(Stored items)
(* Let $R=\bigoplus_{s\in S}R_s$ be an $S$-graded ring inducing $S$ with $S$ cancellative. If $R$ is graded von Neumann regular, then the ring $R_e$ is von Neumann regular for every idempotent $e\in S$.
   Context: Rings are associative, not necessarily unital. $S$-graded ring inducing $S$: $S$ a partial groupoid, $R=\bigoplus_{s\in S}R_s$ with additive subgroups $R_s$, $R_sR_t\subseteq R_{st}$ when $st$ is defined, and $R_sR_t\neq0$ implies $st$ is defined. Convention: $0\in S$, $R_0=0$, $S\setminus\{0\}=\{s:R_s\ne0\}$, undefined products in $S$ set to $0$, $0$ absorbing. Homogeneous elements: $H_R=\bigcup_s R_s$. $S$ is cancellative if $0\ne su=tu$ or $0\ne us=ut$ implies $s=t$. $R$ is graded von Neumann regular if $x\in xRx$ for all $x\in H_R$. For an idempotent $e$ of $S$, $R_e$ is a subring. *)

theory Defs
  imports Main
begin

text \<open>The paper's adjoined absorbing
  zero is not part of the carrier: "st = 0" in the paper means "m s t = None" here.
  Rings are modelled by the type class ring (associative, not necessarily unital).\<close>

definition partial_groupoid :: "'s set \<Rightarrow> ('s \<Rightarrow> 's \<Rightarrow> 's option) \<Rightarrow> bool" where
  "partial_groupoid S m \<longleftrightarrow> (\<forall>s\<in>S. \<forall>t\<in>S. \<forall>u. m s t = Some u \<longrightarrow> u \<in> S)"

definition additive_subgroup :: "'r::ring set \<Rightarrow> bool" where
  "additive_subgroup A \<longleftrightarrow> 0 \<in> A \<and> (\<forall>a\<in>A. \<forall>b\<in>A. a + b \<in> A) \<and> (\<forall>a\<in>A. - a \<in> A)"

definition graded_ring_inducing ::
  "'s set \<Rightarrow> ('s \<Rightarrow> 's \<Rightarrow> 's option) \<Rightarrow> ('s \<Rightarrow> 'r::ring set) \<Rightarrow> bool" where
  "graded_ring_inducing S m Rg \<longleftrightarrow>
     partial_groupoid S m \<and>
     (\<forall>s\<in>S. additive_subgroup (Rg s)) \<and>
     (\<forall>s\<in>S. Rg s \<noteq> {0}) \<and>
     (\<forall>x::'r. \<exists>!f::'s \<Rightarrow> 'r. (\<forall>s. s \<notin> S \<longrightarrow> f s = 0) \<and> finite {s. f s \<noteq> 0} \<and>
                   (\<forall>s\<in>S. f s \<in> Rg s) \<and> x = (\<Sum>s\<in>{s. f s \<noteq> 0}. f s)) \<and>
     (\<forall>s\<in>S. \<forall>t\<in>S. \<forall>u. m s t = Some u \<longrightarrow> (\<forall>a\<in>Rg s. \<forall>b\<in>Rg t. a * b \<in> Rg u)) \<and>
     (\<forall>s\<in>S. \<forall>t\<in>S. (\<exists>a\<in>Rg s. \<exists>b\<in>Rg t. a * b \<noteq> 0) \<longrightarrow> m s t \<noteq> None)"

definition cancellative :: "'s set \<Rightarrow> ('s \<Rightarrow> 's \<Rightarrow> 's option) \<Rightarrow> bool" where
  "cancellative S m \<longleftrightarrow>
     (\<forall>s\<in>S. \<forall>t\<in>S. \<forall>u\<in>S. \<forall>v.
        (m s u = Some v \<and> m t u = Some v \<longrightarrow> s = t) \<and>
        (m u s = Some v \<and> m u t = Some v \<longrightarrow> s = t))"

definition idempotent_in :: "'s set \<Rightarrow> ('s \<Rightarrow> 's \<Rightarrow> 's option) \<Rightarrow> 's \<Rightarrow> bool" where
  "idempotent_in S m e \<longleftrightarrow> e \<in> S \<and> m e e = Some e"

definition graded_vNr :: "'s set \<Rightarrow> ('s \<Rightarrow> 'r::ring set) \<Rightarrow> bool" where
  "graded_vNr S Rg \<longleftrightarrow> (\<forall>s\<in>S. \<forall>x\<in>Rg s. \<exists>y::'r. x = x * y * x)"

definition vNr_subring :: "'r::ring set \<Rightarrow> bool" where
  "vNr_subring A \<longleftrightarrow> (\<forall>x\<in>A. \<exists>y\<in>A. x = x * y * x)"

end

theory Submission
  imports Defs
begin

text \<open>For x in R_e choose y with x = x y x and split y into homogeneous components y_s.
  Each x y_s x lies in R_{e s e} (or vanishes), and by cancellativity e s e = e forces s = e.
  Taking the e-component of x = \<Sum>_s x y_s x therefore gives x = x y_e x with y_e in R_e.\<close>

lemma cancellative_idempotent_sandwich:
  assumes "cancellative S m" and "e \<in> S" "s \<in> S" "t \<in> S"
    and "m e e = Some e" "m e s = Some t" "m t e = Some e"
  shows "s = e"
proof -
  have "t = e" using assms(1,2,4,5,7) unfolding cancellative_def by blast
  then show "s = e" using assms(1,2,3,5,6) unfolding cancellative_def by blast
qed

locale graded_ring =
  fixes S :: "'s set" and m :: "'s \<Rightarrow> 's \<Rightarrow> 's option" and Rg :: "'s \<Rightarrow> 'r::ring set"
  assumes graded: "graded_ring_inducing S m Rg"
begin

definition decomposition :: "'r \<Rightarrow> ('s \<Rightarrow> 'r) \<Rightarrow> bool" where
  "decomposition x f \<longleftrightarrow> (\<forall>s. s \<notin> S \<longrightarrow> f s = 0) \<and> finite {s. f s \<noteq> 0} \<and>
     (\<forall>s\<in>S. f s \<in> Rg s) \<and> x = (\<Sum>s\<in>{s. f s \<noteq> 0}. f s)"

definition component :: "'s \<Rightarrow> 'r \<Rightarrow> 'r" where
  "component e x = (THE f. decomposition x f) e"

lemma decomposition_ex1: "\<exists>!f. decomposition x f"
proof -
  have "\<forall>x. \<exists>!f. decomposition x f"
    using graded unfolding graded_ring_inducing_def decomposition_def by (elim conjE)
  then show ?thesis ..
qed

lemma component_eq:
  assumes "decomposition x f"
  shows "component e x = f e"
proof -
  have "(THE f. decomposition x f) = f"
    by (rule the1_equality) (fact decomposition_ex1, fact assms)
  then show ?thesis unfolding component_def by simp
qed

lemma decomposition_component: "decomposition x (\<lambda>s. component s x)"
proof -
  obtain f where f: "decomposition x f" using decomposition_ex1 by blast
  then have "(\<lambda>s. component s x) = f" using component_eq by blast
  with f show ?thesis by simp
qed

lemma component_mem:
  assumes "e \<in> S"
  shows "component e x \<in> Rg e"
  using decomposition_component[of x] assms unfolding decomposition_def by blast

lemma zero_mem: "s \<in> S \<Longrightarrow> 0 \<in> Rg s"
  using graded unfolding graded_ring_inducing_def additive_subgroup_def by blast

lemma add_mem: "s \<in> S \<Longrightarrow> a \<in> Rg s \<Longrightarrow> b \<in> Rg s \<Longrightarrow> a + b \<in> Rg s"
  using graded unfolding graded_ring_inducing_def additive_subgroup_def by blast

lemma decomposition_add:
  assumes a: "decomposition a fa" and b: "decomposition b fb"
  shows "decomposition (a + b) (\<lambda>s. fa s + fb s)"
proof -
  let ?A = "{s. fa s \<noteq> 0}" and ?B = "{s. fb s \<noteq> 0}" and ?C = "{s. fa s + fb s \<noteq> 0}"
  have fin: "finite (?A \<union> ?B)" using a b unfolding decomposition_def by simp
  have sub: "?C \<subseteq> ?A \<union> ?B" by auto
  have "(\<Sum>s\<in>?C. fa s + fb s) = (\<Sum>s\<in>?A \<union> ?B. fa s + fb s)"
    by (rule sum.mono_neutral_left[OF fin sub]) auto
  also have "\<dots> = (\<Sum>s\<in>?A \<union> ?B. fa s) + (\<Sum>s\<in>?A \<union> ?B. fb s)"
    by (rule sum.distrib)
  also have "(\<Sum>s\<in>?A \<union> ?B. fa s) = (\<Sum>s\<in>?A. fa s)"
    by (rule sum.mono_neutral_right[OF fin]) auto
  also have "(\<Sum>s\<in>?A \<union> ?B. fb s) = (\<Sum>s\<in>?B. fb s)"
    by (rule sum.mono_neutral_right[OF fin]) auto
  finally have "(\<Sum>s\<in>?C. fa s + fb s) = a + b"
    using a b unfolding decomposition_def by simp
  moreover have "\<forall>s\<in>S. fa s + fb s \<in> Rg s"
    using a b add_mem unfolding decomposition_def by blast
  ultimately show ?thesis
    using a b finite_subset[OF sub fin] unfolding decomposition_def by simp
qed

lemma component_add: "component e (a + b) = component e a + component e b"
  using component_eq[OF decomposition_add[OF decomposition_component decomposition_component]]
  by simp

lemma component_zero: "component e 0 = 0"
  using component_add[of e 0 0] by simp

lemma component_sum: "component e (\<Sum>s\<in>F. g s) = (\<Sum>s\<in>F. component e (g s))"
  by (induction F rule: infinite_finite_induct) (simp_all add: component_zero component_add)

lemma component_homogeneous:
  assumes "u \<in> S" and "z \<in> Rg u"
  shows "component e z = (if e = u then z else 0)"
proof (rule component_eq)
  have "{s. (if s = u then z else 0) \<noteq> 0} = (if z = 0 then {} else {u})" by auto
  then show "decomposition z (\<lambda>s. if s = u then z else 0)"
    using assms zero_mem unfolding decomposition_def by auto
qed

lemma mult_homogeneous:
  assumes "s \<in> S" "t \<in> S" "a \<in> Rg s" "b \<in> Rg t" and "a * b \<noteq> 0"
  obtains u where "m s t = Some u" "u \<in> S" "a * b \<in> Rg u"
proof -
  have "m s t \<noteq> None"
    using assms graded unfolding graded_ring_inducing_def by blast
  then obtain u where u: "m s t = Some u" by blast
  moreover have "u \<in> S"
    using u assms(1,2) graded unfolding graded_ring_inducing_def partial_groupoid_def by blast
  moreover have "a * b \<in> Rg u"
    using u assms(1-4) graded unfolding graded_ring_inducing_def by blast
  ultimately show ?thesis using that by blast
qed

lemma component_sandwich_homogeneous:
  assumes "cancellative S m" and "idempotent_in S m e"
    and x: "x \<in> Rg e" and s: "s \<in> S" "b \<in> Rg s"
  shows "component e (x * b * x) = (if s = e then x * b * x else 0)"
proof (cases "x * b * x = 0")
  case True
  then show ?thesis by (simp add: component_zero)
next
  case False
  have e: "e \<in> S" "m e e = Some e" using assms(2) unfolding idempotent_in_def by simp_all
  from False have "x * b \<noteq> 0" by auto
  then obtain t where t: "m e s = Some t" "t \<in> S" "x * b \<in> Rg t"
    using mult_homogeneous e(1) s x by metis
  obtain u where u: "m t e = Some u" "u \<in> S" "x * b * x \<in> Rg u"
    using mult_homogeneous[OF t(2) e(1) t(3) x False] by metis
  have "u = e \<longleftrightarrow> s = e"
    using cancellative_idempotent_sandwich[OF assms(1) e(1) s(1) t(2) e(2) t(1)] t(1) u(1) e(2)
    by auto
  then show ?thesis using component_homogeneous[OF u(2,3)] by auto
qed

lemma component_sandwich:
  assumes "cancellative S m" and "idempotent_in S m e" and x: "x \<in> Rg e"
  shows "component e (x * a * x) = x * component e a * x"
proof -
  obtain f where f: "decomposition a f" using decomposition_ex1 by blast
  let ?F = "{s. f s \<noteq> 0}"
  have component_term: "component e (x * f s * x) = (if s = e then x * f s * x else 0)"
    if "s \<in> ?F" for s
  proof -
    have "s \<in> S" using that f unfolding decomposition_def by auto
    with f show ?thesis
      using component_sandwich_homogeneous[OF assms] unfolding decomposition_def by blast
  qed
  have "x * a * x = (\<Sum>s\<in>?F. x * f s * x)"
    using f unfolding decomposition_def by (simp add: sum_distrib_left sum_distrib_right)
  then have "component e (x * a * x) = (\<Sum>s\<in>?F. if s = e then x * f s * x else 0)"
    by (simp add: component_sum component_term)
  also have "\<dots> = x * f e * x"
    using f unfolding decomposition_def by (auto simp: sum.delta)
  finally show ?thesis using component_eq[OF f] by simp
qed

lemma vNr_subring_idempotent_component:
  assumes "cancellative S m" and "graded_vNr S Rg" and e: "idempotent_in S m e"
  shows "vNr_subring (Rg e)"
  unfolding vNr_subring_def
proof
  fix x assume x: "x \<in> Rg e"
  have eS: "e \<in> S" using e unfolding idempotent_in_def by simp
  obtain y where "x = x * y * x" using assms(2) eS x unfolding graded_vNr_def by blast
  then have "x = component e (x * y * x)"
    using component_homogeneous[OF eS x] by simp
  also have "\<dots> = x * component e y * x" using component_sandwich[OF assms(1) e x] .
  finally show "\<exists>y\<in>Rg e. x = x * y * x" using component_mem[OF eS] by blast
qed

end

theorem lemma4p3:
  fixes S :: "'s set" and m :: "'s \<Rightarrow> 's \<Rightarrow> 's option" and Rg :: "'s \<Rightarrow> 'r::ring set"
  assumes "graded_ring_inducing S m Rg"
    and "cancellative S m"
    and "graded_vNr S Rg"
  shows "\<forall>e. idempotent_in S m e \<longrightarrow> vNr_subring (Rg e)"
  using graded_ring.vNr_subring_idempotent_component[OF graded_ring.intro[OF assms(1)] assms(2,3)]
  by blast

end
* * *
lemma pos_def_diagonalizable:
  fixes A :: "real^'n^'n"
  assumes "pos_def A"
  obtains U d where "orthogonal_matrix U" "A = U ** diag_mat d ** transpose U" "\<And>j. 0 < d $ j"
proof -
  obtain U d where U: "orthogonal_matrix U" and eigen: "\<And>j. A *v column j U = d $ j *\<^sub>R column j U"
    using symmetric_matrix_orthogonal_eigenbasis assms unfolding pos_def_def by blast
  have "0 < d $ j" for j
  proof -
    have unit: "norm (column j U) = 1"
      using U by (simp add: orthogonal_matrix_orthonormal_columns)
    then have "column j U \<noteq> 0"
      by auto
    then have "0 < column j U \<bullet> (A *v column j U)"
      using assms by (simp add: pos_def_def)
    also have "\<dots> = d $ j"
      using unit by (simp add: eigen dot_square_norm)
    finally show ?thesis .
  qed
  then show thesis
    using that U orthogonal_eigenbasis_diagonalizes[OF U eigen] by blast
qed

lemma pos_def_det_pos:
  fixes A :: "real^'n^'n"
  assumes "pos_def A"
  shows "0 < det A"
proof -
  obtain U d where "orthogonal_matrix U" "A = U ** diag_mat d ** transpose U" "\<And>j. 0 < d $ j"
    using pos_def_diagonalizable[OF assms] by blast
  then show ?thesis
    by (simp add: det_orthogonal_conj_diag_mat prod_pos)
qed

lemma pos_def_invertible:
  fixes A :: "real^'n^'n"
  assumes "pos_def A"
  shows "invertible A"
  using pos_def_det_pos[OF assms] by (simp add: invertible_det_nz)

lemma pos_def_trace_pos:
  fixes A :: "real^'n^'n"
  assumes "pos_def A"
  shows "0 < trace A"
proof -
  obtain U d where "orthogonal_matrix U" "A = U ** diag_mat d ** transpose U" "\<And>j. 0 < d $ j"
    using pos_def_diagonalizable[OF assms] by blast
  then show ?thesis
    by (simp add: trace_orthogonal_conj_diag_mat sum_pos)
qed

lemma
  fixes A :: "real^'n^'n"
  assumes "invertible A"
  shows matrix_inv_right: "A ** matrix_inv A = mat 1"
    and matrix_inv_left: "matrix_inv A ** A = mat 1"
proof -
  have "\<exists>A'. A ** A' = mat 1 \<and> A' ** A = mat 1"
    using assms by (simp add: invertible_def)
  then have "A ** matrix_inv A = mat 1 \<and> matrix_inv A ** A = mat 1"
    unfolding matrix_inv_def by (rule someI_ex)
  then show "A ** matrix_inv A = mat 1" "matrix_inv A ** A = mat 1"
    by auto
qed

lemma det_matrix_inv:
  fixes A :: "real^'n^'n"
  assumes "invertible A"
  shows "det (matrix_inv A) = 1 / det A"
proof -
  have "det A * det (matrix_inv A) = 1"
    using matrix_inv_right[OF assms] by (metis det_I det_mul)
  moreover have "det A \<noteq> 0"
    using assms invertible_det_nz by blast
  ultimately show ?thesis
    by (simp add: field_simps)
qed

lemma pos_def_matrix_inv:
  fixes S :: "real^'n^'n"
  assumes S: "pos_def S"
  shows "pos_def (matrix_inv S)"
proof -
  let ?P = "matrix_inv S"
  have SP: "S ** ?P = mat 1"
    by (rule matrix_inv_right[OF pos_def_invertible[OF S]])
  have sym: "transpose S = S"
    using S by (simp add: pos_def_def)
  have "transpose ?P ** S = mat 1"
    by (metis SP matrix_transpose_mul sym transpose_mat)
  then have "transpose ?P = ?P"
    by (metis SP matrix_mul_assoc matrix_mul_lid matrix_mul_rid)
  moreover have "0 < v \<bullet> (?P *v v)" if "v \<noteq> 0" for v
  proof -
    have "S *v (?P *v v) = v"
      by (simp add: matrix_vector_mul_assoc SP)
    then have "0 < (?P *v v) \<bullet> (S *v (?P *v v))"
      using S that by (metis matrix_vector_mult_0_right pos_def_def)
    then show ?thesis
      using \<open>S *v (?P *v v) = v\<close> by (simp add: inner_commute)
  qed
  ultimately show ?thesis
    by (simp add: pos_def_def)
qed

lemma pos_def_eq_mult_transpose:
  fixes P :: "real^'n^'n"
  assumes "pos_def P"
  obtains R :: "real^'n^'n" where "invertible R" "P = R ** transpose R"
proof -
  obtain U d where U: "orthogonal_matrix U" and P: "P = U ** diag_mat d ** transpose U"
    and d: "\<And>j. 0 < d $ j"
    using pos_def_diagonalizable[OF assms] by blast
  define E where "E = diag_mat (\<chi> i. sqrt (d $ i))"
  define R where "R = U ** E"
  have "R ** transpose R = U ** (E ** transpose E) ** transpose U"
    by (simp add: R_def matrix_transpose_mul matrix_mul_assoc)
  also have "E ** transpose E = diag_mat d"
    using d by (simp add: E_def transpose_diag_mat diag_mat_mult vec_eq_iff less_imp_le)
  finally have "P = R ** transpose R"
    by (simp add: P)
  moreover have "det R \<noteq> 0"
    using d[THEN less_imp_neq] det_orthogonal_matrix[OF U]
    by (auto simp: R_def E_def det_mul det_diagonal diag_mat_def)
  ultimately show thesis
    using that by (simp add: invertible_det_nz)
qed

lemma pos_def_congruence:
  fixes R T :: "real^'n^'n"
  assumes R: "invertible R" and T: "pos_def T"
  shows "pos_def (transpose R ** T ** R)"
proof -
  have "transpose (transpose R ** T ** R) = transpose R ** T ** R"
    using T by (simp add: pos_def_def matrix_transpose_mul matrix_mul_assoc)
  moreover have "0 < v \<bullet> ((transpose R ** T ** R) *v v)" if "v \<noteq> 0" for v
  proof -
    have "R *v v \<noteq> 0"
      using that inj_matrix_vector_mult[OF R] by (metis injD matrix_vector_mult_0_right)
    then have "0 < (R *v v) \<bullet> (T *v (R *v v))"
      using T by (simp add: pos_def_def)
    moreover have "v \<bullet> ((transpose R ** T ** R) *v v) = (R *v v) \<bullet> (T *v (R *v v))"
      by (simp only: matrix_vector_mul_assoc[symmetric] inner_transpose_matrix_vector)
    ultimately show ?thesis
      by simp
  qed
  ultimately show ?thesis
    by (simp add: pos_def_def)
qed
* * *
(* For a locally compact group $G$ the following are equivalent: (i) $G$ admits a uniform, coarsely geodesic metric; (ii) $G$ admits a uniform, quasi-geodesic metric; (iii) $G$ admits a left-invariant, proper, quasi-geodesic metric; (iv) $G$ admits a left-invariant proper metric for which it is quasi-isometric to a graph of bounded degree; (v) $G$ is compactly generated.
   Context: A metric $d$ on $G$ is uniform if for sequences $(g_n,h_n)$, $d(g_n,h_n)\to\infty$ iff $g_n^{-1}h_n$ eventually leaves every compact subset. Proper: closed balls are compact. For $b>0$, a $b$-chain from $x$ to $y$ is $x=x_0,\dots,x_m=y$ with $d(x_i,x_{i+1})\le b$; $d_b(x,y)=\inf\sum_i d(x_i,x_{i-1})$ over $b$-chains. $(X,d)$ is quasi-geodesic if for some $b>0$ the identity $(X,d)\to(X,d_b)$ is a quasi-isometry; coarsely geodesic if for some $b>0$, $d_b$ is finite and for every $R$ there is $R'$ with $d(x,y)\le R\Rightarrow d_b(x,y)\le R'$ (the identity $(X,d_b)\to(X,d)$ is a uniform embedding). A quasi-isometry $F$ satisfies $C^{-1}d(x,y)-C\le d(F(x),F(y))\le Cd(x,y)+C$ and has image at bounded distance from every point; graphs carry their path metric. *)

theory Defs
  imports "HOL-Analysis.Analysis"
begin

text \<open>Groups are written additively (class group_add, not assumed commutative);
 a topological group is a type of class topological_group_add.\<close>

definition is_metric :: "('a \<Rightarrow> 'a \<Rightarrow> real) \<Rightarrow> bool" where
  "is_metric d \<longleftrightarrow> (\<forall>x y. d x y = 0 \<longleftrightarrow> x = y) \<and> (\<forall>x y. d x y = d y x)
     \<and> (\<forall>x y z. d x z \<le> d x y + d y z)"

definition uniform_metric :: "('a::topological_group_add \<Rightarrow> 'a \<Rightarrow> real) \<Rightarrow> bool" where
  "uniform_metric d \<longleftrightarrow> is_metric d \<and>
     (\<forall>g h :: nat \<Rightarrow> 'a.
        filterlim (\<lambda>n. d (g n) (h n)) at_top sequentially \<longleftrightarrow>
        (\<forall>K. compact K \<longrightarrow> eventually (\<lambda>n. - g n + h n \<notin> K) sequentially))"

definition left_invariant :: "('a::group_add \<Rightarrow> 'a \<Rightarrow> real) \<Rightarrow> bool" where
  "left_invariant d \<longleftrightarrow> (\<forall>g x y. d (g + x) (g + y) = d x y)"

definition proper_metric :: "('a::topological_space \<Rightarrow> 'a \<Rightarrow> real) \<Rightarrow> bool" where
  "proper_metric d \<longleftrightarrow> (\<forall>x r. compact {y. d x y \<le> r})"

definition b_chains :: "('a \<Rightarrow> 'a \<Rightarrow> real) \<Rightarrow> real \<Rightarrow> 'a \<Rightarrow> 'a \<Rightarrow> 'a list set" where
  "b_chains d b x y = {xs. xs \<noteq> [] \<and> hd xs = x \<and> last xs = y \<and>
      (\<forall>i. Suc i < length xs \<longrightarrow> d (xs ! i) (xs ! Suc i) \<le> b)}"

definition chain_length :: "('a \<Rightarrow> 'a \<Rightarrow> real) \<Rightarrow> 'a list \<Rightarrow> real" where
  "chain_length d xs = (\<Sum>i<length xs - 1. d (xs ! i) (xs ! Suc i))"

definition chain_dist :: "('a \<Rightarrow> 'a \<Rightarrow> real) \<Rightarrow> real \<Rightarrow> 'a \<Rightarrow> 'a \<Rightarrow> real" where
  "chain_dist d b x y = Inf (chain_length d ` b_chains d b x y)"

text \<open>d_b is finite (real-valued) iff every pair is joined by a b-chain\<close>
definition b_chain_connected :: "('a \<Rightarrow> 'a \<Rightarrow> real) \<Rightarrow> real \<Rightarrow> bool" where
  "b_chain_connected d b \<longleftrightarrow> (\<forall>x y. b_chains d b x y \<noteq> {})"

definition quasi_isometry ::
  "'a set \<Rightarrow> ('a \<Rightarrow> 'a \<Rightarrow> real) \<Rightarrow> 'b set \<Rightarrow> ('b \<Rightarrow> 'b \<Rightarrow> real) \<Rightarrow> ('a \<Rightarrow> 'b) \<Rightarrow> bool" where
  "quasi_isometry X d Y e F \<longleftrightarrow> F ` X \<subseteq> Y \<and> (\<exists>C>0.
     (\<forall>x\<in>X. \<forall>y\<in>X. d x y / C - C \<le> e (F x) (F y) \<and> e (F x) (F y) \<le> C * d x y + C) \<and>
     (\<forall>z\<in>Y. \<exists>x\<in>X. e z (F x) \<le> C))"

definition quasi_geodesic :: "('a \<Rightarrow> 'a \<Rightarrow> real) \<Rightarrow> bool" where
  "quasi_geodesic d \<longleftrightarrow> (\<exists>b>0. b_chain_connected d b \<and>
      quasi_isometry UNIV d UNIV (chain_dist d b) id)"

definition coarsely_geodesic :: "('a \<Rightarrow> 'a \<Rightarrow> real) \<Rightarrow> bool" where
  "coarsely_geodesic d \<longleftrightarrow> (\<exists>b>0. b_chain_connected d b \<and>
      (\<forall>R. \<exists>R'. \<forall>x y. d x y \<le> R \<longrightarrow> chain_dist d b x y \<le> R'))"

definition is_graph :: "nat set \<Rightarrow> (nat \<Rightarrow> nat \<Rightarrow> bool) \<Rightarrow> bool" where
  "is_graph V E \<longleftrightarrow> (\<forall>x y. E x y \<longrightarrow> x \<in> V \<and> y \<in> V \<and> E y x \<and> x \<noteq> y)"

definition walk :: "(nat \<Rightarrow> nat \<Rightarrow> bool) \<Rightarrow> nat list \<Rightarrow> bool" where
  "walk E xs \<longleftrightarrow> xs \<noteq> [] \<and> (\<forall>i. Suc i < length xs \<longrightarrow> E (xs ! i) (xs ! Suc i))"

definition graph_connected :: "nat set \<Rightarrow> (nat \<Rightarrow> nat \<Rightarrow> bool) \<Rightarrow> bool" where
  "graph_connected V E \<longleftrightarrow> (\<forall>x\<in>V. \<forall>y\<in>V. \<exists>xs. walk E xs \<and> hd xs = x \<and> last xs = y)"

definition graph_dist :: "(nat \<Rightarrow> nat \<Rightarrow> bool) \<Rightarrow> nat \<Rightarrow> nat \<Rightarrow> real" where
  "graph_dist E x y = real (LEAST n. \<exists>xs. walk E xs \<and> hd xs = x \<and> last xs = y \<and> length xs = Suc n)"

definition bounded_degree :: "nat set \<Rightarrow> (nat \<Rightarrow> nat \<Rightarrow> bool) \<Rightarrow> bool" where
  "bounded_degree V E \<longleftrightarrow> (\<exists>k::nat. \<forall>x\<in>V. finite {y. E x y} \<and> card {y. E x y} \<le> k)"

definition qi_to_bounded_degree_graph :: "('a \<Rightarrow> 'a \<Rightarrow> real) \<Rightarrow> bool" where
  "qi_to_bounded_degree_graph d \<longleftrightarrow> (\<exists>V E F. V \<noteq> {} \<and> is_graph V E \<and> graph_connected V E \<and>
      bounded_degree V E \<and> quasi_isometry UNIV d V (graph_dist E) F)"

#### [PROBLEM]
From the data above, output exactly the lines between the one containing "idempotent $e\in S$." and the one containing "text \<open>The paper's adjoined absorbing", counting both of them.

#### [OUTPUT OF THE TASK]
(* Let $R=\bigoplus_{s\in S}R_s$ be an $S$-graded ring inducing $S$ with $S$ cancellative. If $R$ is graded von Neumann regular, then the ring $R_e$ is von Neumann regular for every idempotent $e\in S$.
   Context: Rings are associative, not necessarily unital. $S$-graded ring inducing $S$: $S$ a partial groupoid, $R=\bigoplus_{s\in S}R_s$ with additive subgroups $R_s$, $R_sR_t\subseteq R_{st}$ when $st$ is defined, and $R_sR_t\neq0$ implies $st$ is defined. Convention: $0\in S$, $R_0=0$, $S\setminus\{0\}=\{s:R_s\ne0\}$, undefined products in $S$ set to $0$, $0$ absorbing. Homogeneous elements: $H_R=\bigcup_s R_s$. $S$ is cancellative if $0\ne su=tu$ or $0\ne us=ut$ implies $s=t$. $R$ is graded von Neumann regular if $x\in xRx$ for all $x\in H_R$. For an idempotent $e$ of $S$, $R_e$ is a subring. *)

theory Defs
  imports Main
begin

text \<open>The paper's adjoined absorbing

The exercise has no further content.